The issues fixed here were found by zeniko - many thanks.
The patch here is our own work - larger change, avoiding casts
for a (hopefully) neater result.

2 files changed, 44 insertions, 42 deletions

diff --git a/fitz/image_png.c b/fitz/image_png.c
index 7825eec2..bda959fe 100644
--- a/fitz/image_png.c
+++ b/fitz/image_png.c
@@ -7,7 +7,7 @@ struct info
 	fz_context *ctx;
 	unsigned int width, height, depth, n;
 	int interlace, indexed;
-	int size;
+	unsigned int size;
 	unsigned char *samples;
 	unsigned char palette[256*4];
 	int transparency;
@@ -80,11 +80,11 @@ static inline int paeth(int a, int b, int c)
 }
 
 static void
-png_predict(unsigned char *samples, int width, int height, int n, int depth)

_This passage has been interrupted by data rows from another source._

lemma garside_below_eq:
  "garside_below L \<Longrightarrow> length X < L \<Longrightarrow> a # X \<approx> a # Y \<Longrightarrow> X \<approx> Y"
  unfolding garside_below_def factors_through_lcm_def by blast

lemma garside_below_distant:
  "garside_below L \<Longrightarrow> length X < L \<Longrightarrow> a # X \<approx> b # Y \<Longrightarrow> distant a b \<Longrightarrow>
    \<exists>Z. X \<approx> b # Z \<and> Y \<approx> a # Z"
  unfolding garside_below_def factors_through_lcm_def by blast

lemma garside_below_adjacent:
  "garside_below L \<Longrightarrow> length X < L \<Longrightarrow> a # X \<approx> b # Y \<Longrightarrow> adjacent a b \<Longrightarrow>
    \<exists>Z. X \<approx> b # a # Z \<and> Y \<approx> a # b # Z"
  unfolding garside_below_def factors_through_lcm_def by blast

lemma factors_through_lcm_commute_head_distant:
  assumes G: "garside_below (Suc (length v))"
    and X: "X \<approx> c # Z1" and V: "b # v \<approx> a # Z1"
    and ac: "distant a c" and cb: "distant c b"
  shows "factors_through_lcm a X b (c # v)"
proof -
  consider "a = b" | "distant a b" | "adjacent a b" using letter_cases by blast
  then show ?thesis
  proof cases
    case 1
    then have "v \<approx> Z1" using garside_below_eq[OF G _ V[unfolded 1]] by simp
    then have "X \<approx> c # v" using X by (meson pos_equiv_Cons pos_equiv_sym pos_equiv_trans)
    then show ?thesis using 1 by (simp add: factors_through_lcm_eqI)
  next
    case ab: 2
    then obtain W where v: "v \<approx> a # W" and Z1: "Z1 \<approx> b # W"
      using garside_below_distant[OF G _ V distant_sym[OF ab]] by auto
    have "X \<approx> c # b # W" using X Z1 by (meson pos_equiv_Cons pos_equiv_trans)
    also have "\<dots> \<approx> b # c # W" using pos_equiv_commute_head cb by blast
    finally have X': "X \<approx> b # c # W" .
    have "c # v \<approx> c # a # W" using v by (rule pos_equiv_Cons)
    also have "\<dots> \<approx> a # c # W" using pos_equiv_commute_head distant_sym[OF ac] by blast
    finally show ?thesis by (rule factors_through_lcm_distantI[OF ab X'])
  next
    case ab: 3
    then obtain W where v: "v \<approx> a # b # W" and Z1: "Z1 \<approx> b # a # W"
      using garside_below_adjacent[OF G _ V adjacent_sym[OF ab]] by auto
    have "X \<approx> c # b # a # W" using X Z1 by (meson pos_equiv_Cons pos_equiv_trans)
    also have "\<dots> \<approx> b # c # a # W" using pos_equiv_commute_head cb by blast
    also have "\<dots> \<approx> b # a # c # W" using pos_equiv_commute[of c a "[b]"] distant_sym[OF ac] by simp
    finally have X': "X \<approx> b # a # c # W" .
    have "c # v \<approx> c # a # b # W" using v by (rule pos_equiv_Cons)
    also have "\<dots> \<approx> a # c # b # W" using pos_equiv_commute_head distant_sym[OF ac] by blast
    also have "\<dots> \<approx> a # b # c # W" using pos_equiv_commute[of c b "[a]"] cb by simp
    finally show ?thesis by (rule factors_through_lcm_adjacentI[OF ab X'])
  qed
qed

+png_predict(unsigned char *samples, unsigned int width, unsigned int height, unsigned int n, unsigned int depth)
 {
-	int stride = (width * n * depth + 7) / 8;
-	int bpp = (n * depth + 7) / 8;
-	int i, row;
+	unsigned int stride = (width * n * depth + 7) / 8;
+	unsigned int bpp = (n * depth + 7) / 8;
+	unsigned int i, row;
 
 	for (row = 0; row < height; row ++)
 	{
@@ -156,13 +156,13 @@ png_predict(unsigned char *samples, int width, int height, int n, int depth)
 	}
 }
 
-static const int adam7_ix[7] = { 0, 4, 0, 2, 0, 1, 0 };
-static const int adam7_dx[7] = { 8, 8, 4, 4, 2, 2, 1 };
-static const int adam7_iy[7] = { 0, 0, 4, 0, 2, 0, 1 };
-static const int adam7_dy[7] = { 8, 8, 8, 4, 4, 2, 2 };
+static const unsigned int adam7_ix[7] = { 0, 4, 0, 2, 0, 1, 0 };
+static const unsigned int adam7_dx[7] = { 8, 8, 4, 4, 2, 2, 1 };
+static const unsigned int adam7_iy[7] = { 0, 0, 4, 0, 2, 0, 1 };
+static const unsigned int adam7_dy[7] = { 8, 8, 8, 4, 4, 2, 2 };
 
 static void
-png_deinterlace_passes(struct info *info, int *w, int *h, int *ofs)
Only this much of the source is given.